One common animation technique is panning where the camera moves/pans over the image, showing only a part of it at a given time:
(Shot on YouTube: http://youtu.be/DsHjblyEG88?t=6m25s)
Very little movement actually happens during the shot, in fact only the mouth is moving (presumably to reduce animation costs). This makes it possible to combine the frames together to one large image, which is known as “stitching”.
The issue is however that more often than not, the video quality isn’t that great. The video has been compressed and especially if the source is a TV-transmission or webcast, visual artifacts can be quite noticeable:
The two most significant artifacts with anime encodes is noise (shown above) and color banding/posterization (shown below).
A stitch is normally done by taking two frames, finding the offset between the two images and then soften the edges between the images to make the transition less apparent (which is usually done by applying a gradient on the alpha channel).
Since this is a time consuming process, as few frames as possible is used. The idea is to do the opposite, use as many frames as possible. The reason is that the artifacts are not static, for every frame they differ slightly. In result, every frame carries a slightly different set of information. The goal is then to derive the original information, based on this set of inconsistent information.
Just by using the average, we can get quite decent results:
(Right is a single frame, left is the average of all unique frames.)
Noise artifacts has shown to nearly disappear completely when simply averaging every frame with each other, even when the source has a significant amount of noise artifacts. Color banding is also reduced but with much more varying amounts.
Even with modern TV-encodes, stitches sees a significant improvement from using this technique and can visually be tell apart at normal magnification. Surprisingly, even when using good BD-encodes there is usually a slight improvement, but normally requires 2-4 times magnification to be noticeable.

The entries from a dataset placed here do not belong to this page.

definition Ham :: "(real^'d \<Rightarrow> real^'d \<Rightarrow> real) \<Rightarrow> real^'d \<Rightarrow> real^'d \<Rightarrow> real" where
  "Ham L x p = (SUP v. p \<bullet> v - L x v)"

text \<open>Hadamard superdifferential, with the limsup written out.\<close>
definition hadamard_superdiff :: "(real^'d \<Rightarrow> real) \<Rightarrow> real^'d \<Rightarrow> (real^'d) set" where
  "hadamard_superdiff \<phi> x = {p. \<forall>w. \<forall>\<epsilon>>0. \<exists>r>0. \<forall>h w'. 0 < h \<and> h < r \<and> norm (w' - w) < r \<longrightarrow>
        (\<phi> (x + h *\<^sub>R w') - \<phi> x) / h \<le> p \<bullet> w + \<epsilon>}"

definition subsolution :: "(real^'d \<Rightarrow> real^'d \<Rightarrow> real) \<Rightarrow> (real^'d \<Rightarrow> real) \<Rightarrow> real \<Rightarrow> bool" where
  "subsolution L \<phi> c \<longleftrightarrow> upper_semicont \<phi> \<and>
     (\<forall>x. \<forall>p \<in> hadamard_superdiff \<phi> x. Ham L x (- p) \<le> c)"

definition omega :: "(real^'d \<Rightarrow> real^'d \<Rightarrow> real) \<Rightarrow> real \<Rightarrow> real \<Rightarrow> real" where
  "omega L A \<delta> = Sup {\<bar>L x v - L y v\<bar> | x y v. torus_dist x y \<le> \<delta> \<and> norm v \<le> A}"

coinductive smooth_fun :: "(real^'d \<Rightarrow> real) \<Rightarrow> bool" where
  "(\<forall>x. f differentiable (at x)) \<Longrightarrow>
   (\<forall>i. smooth_fun (\<lambda>x. frechet_derivative f (at x) (axis i 1))) \<Longrightarrow> smooth_fun f"

definition mollify :: "(real^'d \<Rightarrow> real) \<Rightarrow> real \<Rightarrow> (real^'d \<Rightarrow> real) \<Rightarrow> real^'d \<Rightarrow> real" where
  "mollify \<eta> \<delta> \<phi> x =
     integral UNIV (\<lambda>w. \<phi> (x - w) * (inverse (\<delta> ^ CARD('d)) * \<eta> (inverse \<delta> *\<^sub>R w)))"

end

It has shown that it often is not possible to make a perfect alignment when sticking to the pixel grid. This causes the images to be slightly more blurry than originally. It is an area which still requires work.
Using the average to derive the result is not always desirable, as the encode might contain information not related to the image. Such information could be subtitles, TV logos or simply errors in the source. See the following image as example, the most-right column of pixels was completely black and shows up as lines in the averaged image.
However the currently devised algorithms has a tendency to choke on the slight misalignment mentioned previously and cause unwanted artifacts. If this is solved best by fixing the misalignment or by improving the algorithm is up to discussion.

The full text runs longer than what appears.